» **WORK REQUIRED**
Each entry in this listing needs to be written out again, word for word.

» **RECORDS SHOWN**
lemma measure_cball_dist_greater:
  fixes \<mu> :: "'d::euclidean_space measure" and x :: 'd
  assumes "prob_space \<mu>" and sets: "sets \<mu> = sets borel"
    and null: "\<And>r. measure \<mu> (sphere x r) = 0"
    and s: "0 \<le> s" "s \<le> 1"
  shows "measure \<mu> {y. s < measure \<mu> (cball x (dist x y))} = 1 - s"
proof -
  interpret prob_space \<mu> by fact
  have space: "space \<mu> = UNIV" using sets_eq_imp_space_eq[OF sets] by simp
  have dist_meas: "dist x \<in> borel_measurable \<mu>" using sets by (simp cong: measurable_cong_sets)
  interpret \<nu>: real_distribution "distr \<mu> borel (dist x)" using dist_meas by simp
  have measure_\<nu>: "measure (distr \<mu> borel (dist x)) A = measure \<mu> (dist x -` A)" if "A \<in> sets borel" for A
    using that by (simp add: measure_distr[OF dist_meas] space)
  have cdf_\<nu>: "cdf (distr \<mu> borel (dist x)) r = measure \<mu> (cball x r)" for r
    by (simp add: cdf_def measure_\<nu> vimage_def cball_def)
  have "isCont (cdf (distr \<mu> borel (dist x))) r" for r
    using null[of r] by (simp add: \<nu>.isCont_cdf measure_\<nu> vimage_def sphere_def)
  moreover have "{r. s < cdf (distr \<mu> borel (dist x)) r} \<in> sets borel"
    using calculation by (intro borel_open open_Collect_less continuous_on_const)
      (simp add: continuous_at_imp_continuous_on)
  ultimately show ?thesis
    using \<nu>.measure_cdf_greater[OF _ s] by (simp add: measure_\<nu> cdf_\<nu> vimage_def)
qed

section \<open>The mass of the nearest-neighbour ball\<close>

definition nn_ball_mass :: "'d::metric_space measure \<Rightarrow> 'i set \<Rightarrow> 'd \<Rightarrow> ('i \<Rightarrow> 'd) \<Rightarrow> real" where
  "nn_ball_mass \<mu> J x y = measure \<mu> (cball x (Min ((\<lambda>j. dist x (y j)) ` J)))"
(* Consider any fixed training set $S_{\mathrm{e2e}}=\{(x^{(i)},y^{(i)}):i\in[m]\}$ with $y^{(i)}=h_*(x^{(i)})$ for some $h_*\in\mathrm{e2e}^T(\mathcal F)$. There is a universal constant $c>0$ such that for any $\delta\in(0,1)$, the Boosting Algorithm invoked with per-thinker budget $\mathsf M_\star=c\,\mathrm{VCdim}(\mathrm{e2e}^T(\mathcal F))$, with the thinkers $f_{k,\ell}$ chosen adversarially (each $f_{k,\ell}\in\mathcal F$ with $\mathrm{e2e}^T_{f_{k,\ell}}\equiv h_*$, possibly depending on the whole history and on the current sampled index set $\mathcal S_{k,\ell}$), satisfies, with probability at least $1-\delta/2$ over its internal randomness of subsampling, simultaneously for all $k\in[K]$: $$\epsilon_k:=\Pr_{i\sim D^{(k)}}\big[\mathrm{e2e}^T_{\hat f_k}(x^{(i)})\ne h_*(x^{(i)})\big]\le0.25.$$ Moreover, in the relaxed protocol where each $f_{k,\ell}$ is fixed by the adversary before observing $\mathcal S_{k,\ell}$, the same guarantee holds with $\mathsf M_\star=c\,\mathrm{VCdim}(\mathcal L^T_{\mathrm{CoT}}(\mathcal F))=O(\mathrm{VCdim}(\mathcal F)\log T)$.
   Context: Autoregressive generation: for $f:\{0,1\}^*\to\{0,1\}$, $\bar f(x)=(x,f(x))$; $\mathrm{e2e}^T_f(x)$ is the last bit of $\bar f^{\circ T}(x)$ and $\mathrm{CoT}^T_f(x)=(\mathrm{e2e}^1_f(x),\dots,\mathrm{e2e}^T_f(x))$; $\mathrm{e2e}^T(\mathcal F)=\{\mathrm{e2e}^T_f:f\in\mathcal F\}$. $\mathcal L^T_{\mathrm{CoT}}(\mathcal F)=\{(x,z)\mapsto\mathbb 1\{z\ne\mathrm{CoT}^T_f(x)\}:f\in\mathcal F\}$; $\mathrm{VCdim}(\mathcal F)$ is on $\mathcal X\times\{0,1\}^T$. Boosting Algorithm (input $S_{\mathrm{e2e}}$, $K$, $\mathsf M_\star$, $\delta$): $D^{(1)}$ uniform on $[m]$. For $k=1,\dots,K$: for $\ell=1,\dots,\log(2K/\delta)$: draw $\mathcal S_{k,\ell}$ consisting of $\mathsf M_\star$ indices i.i.d. from $D^{(k)}$; obtain $\mathrm{CoT}^T_{f_{k,\ell}}(x^{(i)})$ for $i\in\mathcal S_{k,\ell}$ from an adversarially chosen thinker $f_{k,\ell}$; find $\hat f_{k,\ell}\in\mathcal F$ whose CoTs agree with all observed CoTs; let $\epsilon_{k,\ell}=\sum_iD^{(k)}_i\mathbb 1[\mathrm{e2e}^T_{\hat f_{k,\ell}}(x^{(i)})\ne y^{(i)}]$ and stop the inner loop if $\epsilon_{k,\ell}\le0.25$. $\hat f_k$ is the last $\hat f_{k,\ell}$. If its error $\epsilon_k=0$ the algorithm stops; otherwise $\alpha_k=\frac12\log\frac{1-\epsilon_k}{\epsilon_k}$ and $D^{(k+1)}_i\propto D^{(k)}_ie^{\pm\alpha_k}$ ($+$ if $\hat f_k$ errs end-to-end on $i$, $-$ otherwise), normalized. *)

theory Defs
  imports "HOL-Probability.Probability"
begin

» **EXERCISE OUTPUT**
lemma measure_cball_dist_greater:
  fixes \<mu> :: "'d::euclidean_space measure" and x :: 'd
  assumes "prob_space \<mu>" and sets: "sets \<mu> = sets borel"
    and null: "\<And>r. measure \<mu> (sphere x r) = 0"
    and s: "0 \<le> s" "s \<le> 1"
  shows "measure \<mu> {y. s < measure \<mu> (cball x (dist x y))} = 1 - s"
proof -
  interpret prob_space \<mu> by fact
  have space: "space \<mu> = UNIV" using sets_eq_imp_space_eq[OF sets] by simp
  have dist_meas: "dist x \<in> borel_measurable \<mu>" using sets by (simp cong: measurable_cong_sets)
  interpret \<nu>: real_distribution "distr \<mu> borel (dist x)" using dist_meas by simp
  have measure_\<nu>: "measure (distr \<mu> borel (dist x)) A = measure \<mu> (dist x -` A)" if "A \<in> sets borel" for A
    using that by (simp add: measure_distr[OF dist_meas] space)
  have cdf_\<nu>: "cdf (distr \<mu> borel (dist x)) r = measure \<mu> (cball x r)" for r
    by (simp add: cdf_def measure_\<nu> vimage_def cball_def)
  have "isCont (cdf (distr \<mu> borel (dist x))) r" for r
    using null[of r] by (simp add: \<nu>.isCont_cdf measure_\<nu> vimage_def sphere_def)
  moreover have "{r. s < cdf (distr \<mu> borel (dist x)) r} \<in> sets borel"
    using calculation by (intro borel_open open_Collect_less continuous_on_const)
      (simp add: continuous_at_imp_continuous_on)
  ultimately show ?thesis
    using \<nu>.measure_cdf_greater[OF _ s] by (simp add: measure_\<nu> cdf_\<nu> vimage_def)
qed

section \<open>The mass of the nearest-neighbour ball\<close>

definition nn_ball_mass :: "'d::metric_space measure \<Rightarrow> 'i set \<Rightarrow> 'd \<Rightarrow> ('i \<Rightarrow> 'd) \<Rightarrow> real" where
  "nn_ball_mass \<mu> J x y = measure \<mu> (cball x (Min ((\<lambda>j. dist x (y j)) ` J)))"
(* Consider any fixed training set $S_{\mathrm{e2e}}=\{(x^{(i)},y^{(i)}):i\in[m]\}$ with $y^{(i)}=h_*(x^{(i)})$ for some $h_*\in\mathrm{e2e}^T(\mathcal F)$. There is a universal constant $c>0$ such that for any $\delta\in(0,1)$, the Boosting Algorithm invoked with per-thinker budget $\mathsf M_\star=c\,\mathrm{VCdim}(\mathrm{e2e}^T(\mathcal F))$, with the thinkers $f_{k,\ell}$ chosen adversarially (each $f_{k,\ell}\in\mathcal F$ with $\mathrm{e2e}^T_{f_{k,\ell}}\equiv h_*$, possibly depending on the whole history and on the current sampled index set $\mathcal S_{k,\ell}$), satisfies, with probability at least $1-\delta/2$ over its internal randomness of subsampling, simultaneously for all $k\in[K]$: $$\epsilon_k:=\Pr_{i\sim D^{(k)}}\big[\mathrm{e2e}^T_{\hat f_k}(x^{(i)})\ne h_*(x^{(i)})\big]\le0.25.$$ Moreover, in the relaxed protocol where each $f_{k,\ell}$ is fixed by the adversary before observing $\mathcal S_{k,\ell}$, the same guarantee holds with $\mathsf M_\star=c\,\mathrm{VCdim}(\mathcal L^T_{\mathrm{CoT}}(\mathcal F))=O(\mathrm{VCdim}(\mathcal F)\log T)$.
   Context: Autoregressive generation: for $f:\{0,1\}^*\to\{0,1\}$, $\bar f(x)=(x,f(x))$; $\mathrm{e2e}^T_f(x)$ is the last bit of $\bar f^{\circ T}(x)$ and $\mathrm{CoT}^T_f(x)=(\mathrm{e2e}^1_f(x),\dots,\mathrm{e2e}^T_f(x))$; $\mathrm{e2e}^T(\mathcal F)=\{\mathrm{e2e}^T_f:f\in\mathcal F\}$. $\mathcal L^T_{\mathrm{CoT}}(\mathcal F)=\{(x,z)\mapsto\mathbb 1\{z\ne\mathrm{CoT}^T_f(x)\}:f\in\mathcal F\}$; $\mathrm{VCdim}(\mathcal F)$ is on $\mathcal X\times\{0,1\}^T$. Boosting Algorithm (input $S_{\mathrm{e2e}}$, $K$, $\mathsf M_\star$, $\delta$): $D^{(1)}$ uniform on $[m]$. For $k=1,\dots,K$: for $\ell=1,\dots,\log(2K/\delta)$: draw $\mathcal S_{k,\ell}$ consisting of $\mathsf M_\star$ indices i.i.d. from $D^{(k)}$; obtain $\mathrm{CoT}^T_{f_{k,\ell}}(x^{(i)})$ for $i\in\mathcal S_{k,\ell}$ from an adversarially chosen thinker $f_{k,\ell}$; find $\hat f_{k,\ell}\in\mathcal F$ whose CoTs agree with all observed CoTs; let $\epsilon_{k,\ell}=\sum_iD^{(k)}_i\mathbb 1[\mathrm{e2e}^T_{\hat f_{k,\ell}}(x^{(i)})\ne y^{(i)}]$ and stop the inner loop if $\epsilon_{k,\ell}\le0.25$. $\hat f_k$ is the last $\hat f_{k,\ell}$. If its error $\epsilon_k=0$ the algorithm stops; otherwise $\alpha_k=\frac12\log\frac{1-\epsilon_k}{\epsilon_k}$ and $D^{(k+1)}_i\propto D^{(k)}_ie^{\pm\alpha_k}$ ($+$ if $\hat f_k$ errs end-to-end on $i$, $-$ otherwise), normalized. *)

theory Defs
  imports "HOL-Probability.Probability"
begin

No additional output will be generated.